* _BRIEF_
In the records that follow, find each line with "cases" and pull it out.
Top of PROVIDED DATA
lemma integral_inv_ln_eq:
  assumes "0 \<le> lo" "lo \<le> hi" "hi \<le> 2" "1 \<notin> {lo..hi}"
  shows "integral {lo..hi} (\<lambda>t. 1 / ln t)
           = integral {lo..hi} inv_ln_reg + (ln \<bar>hi - 1\<bar> - ln \<bar>lo - 1\<bar>)"
proof -
  have "((\<lambda>t. ln \<bar>t - 1\<bar>) has_real_derivative 1 / (t - 1) * 1) (at t)"
    if "t \<in> {lo..hi}" for t
    using that assms
    by (intro DERIV_chain2[OF has_real_derivative_ln_abs]) (auto intro!: derivative_eq_intros)
  then have "((\<lambda>t. 1 / (t - 1)) has_integral (ln \<bar>hi - 1\<bar> - ln \<bar>lo - 1\<bar>)) {lo..hi}"
    using assms
    by (intro fundamental_theorem_of_calculus)
       (auto simp: has_real_derivative_iff_has_vector_derivative[symmetric]
             intro: has_field_derivative_at_within)
  then have "((\<lambda>t. inv_ln_reg t + 1 / (t - 1)) has_integral
               (integral {lo..hi} inv_ln_reg + (ln \<bar>hi - 1\<bar> - ln \<bar>lo - 1\<bar>))) {lo..hi}"
    using assms by (intro has_integral_add integrable_integral inv_ln_reg_integrable) auto
  moreover have "inv_ln_reg t + 1 / (t - 1) = 1 / ln t" if "t \<in> {lo..hi}" for t
    using that assms by (auto simp: inv_ln_reg_def)
  ultimately have "((\<lambda>t. 1 / ln t) has_integral
               (integral {lo..hi} inv_ln_reg + (ln \<bar>hi - 1\<bar> - ln \<bar>lo - 1\<bar>))) {lo..hi}"
    by (rule has_integral_eq[rotated])
  then show ?thesis by (rule integral_unique)
qed

lemma integrable_inv_ln:
  fixes lo hi :: real
  assumes "1 < lo"
  shows "(\<lambda>t. 1 / ln t) integrable_on {lo..hi}"
proof -
  have "continuous_on {lo..hi} (\<lambda>t. 1 / ln t)"
    using assms by (auto intro!: continuous_intros)
  then show ?thesis by (rule integrable_continuous_interval)
qed

lemma principal_value_tendsto:
  "((\<lambda>e. integral {0..1 - e} (\<lambda>t. 1 / ln t) + integral {1 + e..2} (\<lambda>t. 1 / ln t))
     \<longlongrightarrow> integral {0..2} inv_ln_reg) (at_right 0)"
proof -
  define R where "R s = integral {0..s} inv_ln_reg" for s
  have "continuous_on {0..2} R"
    unfolding R_def by (intro indefinite_integral_continuous_1 inv_ln_reg_integrable) auto
  then have "isCont R 1"
    by (rule continuous_on_interior) auto
  then have "((\<lambda>e. R (1 - e) + (R 2 - R (1 + e))) \<longlongrightarrow> R 1 + (R 2 - R 1)) (at_right 0)"
    by (intro tendsto_add tendsto_diff tendsto_const isCont_tendsto_compose[OF \<open>isCont R 1\<close>]
        tendsto_eq_intros) auto
  moreover have "\<forall>\<^sub>F e in at_right 0. R (1 - e) + (R 2 - R (1 + e)) =
      integral {0..1 - e} (\<lambda>t. 1 / ln t) + integral {1 + e..2} (\<lambda>t. 1 / ln t)"
    unfolding eventually_at_right_field
  proof (intro exI[of _ 1] conjI allI impI)
    fix e :: real
    assume e: "0 < e" "e < 1"
    have "R (1 + e) + integral {1 + e..2} inv_ln_reg = R 2"
      unfolding R_def using e
      by (intro Henstock_Kurzweil_Integration.integral_combine inv_ln_reg_integrable) auto
    then show "R (1 - e) + (R 2 - R (1 + e)) =
        integral {0..1 - e} (\<lambda>t. 1 / ln t) + integral {1 + e..2} (\<lambda>t. 1 / ln t)"
      using e by (simp add: integral_inv_ln_eq R_def)
  qed simp
  ultimately show ?thesis
    by (simp add: R_def Lim_transform_eventually)
qed

lemma li_eq_integral:
  assumes "1 < x"
  shows "li x = integral {0..2} inv_ln_reg +
           (if 2 \<le> x then integral {2..x} (\<lambda>t. 1 / ln t) else - integral {x..2} (\<lambda>t. 1 / ln t))"
    (is "_ = _ + ?J")
proof -
  have "\<forall>\<^sub>F e in at_right 0.
      (integral {0..1 - e} (\<lambda>t. 1 / ln t) + integral {1 + e..2} (\<lambda>t. 1 / ln t)) + ?J =
      integral {0..1 - e} (\<lambda>t. 1 / ln t) + integral {1 + e..x} (\<lambda>t. 1 / ln t)"
    unfolding eventually_at_right_field
  proof (intro exI[of _ "min 1 (x - 1)"] conjI allI impI)
    fix e :: real
    assume e: "0 < e" "e < min 1 (x - 1)"
    show "(integral {0..1 - e} (\<lambda>t. 1 / ln t) + integral {1 + e..2} (\<lambda>t. 1 / ln t)) + ?J =
        integral {0..1 - e} (\<lambda>t. 1 / ln t) + integral {1 + e..x} (\<lambda>t. 1 / ln t)"
    proof (cases "2 \<le> x")
      case True
      have "integral {1 + e..2} (\<lambda>t. 1 / ln t) + integral {2..x} (\<lambda>t. 1 / ln t)
          = integral {1 + e..x} (\<lambda>t. 1 / ln t)"
        using e True by (intro Henstock_Kurzweil_Integration.integral_combine integrable_inv_ln) auto
      then show ?thesis using True by simp
    next
      case False
      have "integral {1 + e..x} (\<lambda>t. 1 / ln t) + integral {x..2} (\<lambda>t. 1 / ln t)
          = integral {1 + e..2} (\<lambda>t. 1 / ln t)"
        using e False by (intro Henstock_Kurzweil_Integration.integral_combine integrable_inv_ln) auto
      then show ?thesis using False by simp
    qed
  qed (use assms in simp)
  moreover have "((\<lambda>e. (integral {0..1 - e} (\<lambda>t. 1 / ln t) + integral {1 + e..2} (\<lambda>t. 1 / ln t)) + ?J)
      \<longlongrightarrow> integral {0..2} inv_ln_reg + ?J) (at_right 0)"
    by (intro tendsto_add principal_value_tendsto tendsto_const)
  ultimately have "((\<lambda>e. integral {0..1 - e} (\<lambda>t. 1 / ln t) + integral {1 + e..x} (\<lambda>t. 1 / ln t))
      \<longlongrightarrow> integral {0..2} inv_ln_reg + ?J) (at_right 0)"
    by (rule Lim_transform_eventually[rotated])
  then show ?thesis
    unfolding li_def by (intro tendsto_Lim) (auto simp: trivial_limit_at_right_real)
qed

lemma li_diff:
  assumes "1 < lo" "lo \<le> hi"
  shows "li hi - li lo = integral {lo..hi} (\<lambda>t. 1 / ln t)"
proof -
  have combine: "integral {x..y} (\<lambda>t. 1 / ln t) + integral {y..z} (\<lambda>t. 1 / ln t)
      = integral {x..z} (\<lambda>t. 1 / ln t)" if "1 < x" "x \<le> y" "y \<le> z" for x y z :: real
    using that by (intro Henstock_Kurzweil_Integration.integral_combine integrable_inv_ln) auto
  consider "2 \<le> lo" | "hi < 2" | "lo < 2" "2 \<le> hi" by linarith
  then show ?thesis
    by cases (use assms combine[of 2 lo hi] combine[of lo hi 2] combine[of lo 2 hi]
        in \<open>auto simp: li_eq_integral\<close>)
qed

lemma li_diff_ge:
  assumes "1 < lo" "lo \<le> hi"
  shows "(hi - lo) / ln hi \<le> li hi - li lo"
proof -
  have "integral {lo..hi} (\<lambda>t. 1 / ln hi) \<le> integral {lo..hi} (\<lambda>t. 1 / ln t)"
  proof (rule integral_le)
    fix t assume "t \<in> {lo..hi}"
    then have "ln t \<le> ln hi" "0 < ln t" using assms by auto
    then show "1 / ln hi \<le> 1 / ln t" by (simp add: frac_le)
  qed (use assms in \<open>auto intro: integrable_inv_ln\<close>)
  then show ?thesis using assms by (simp add: li_diff)
qed

lemma abs_diff_le_li_diff:
  assumes "1 < x" "1 < y"
  shows "\<bar>x - y\<bar> \<le> \<bar>li x - li y\<bar> * ln (max x y)"
proof -
  have *: "\<bar>lo - hi\<bar> \<le> \<bar>li lo - li hi\<bar> * ln hi" if "1 < lo" "lo \<le> hi" for lo hi
  proof -
    have "(hi - lo) / ln hi \<le> \<bar>li lo - li hi\<bar>" using li_diff_ge[OF that] by linarith
    then show ?thesis using that by (simp add: divide_le_eq)
  qed
  show ?thesis
  proof (cases "x \<le> y")
    case True
    then show ?thesis using *[of x y] assms by (simp add: max_def)
  next
    case False
    then show ?thesis
      using *[of y x] assms
      by (simp add: max_def abs_minus_commute[of y x] abs_minus_commute[of "li y" "li x"])
  qed
qed

lemma ali_eqI:
  assumes "1 < x" "li x = u"
  shows "ali u = x"
  unfolding ali_def
proof (rule the_equality)
  fix y assume "1 < y \<and> li y = u"
  then show "y = x" using abs_diff_le_li_diff[of y x] assms by simp
qed (use assms in simp)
Bottom of PROVIDED DATA
* _EXPECTED ANSWER_
    proof (cases "2 \<le> x")
    by cases (use assms combine[of 2 lo hi] combine[of lo hi 2] combine[of lo 2 hi]
  proof (cases "x \<le> y")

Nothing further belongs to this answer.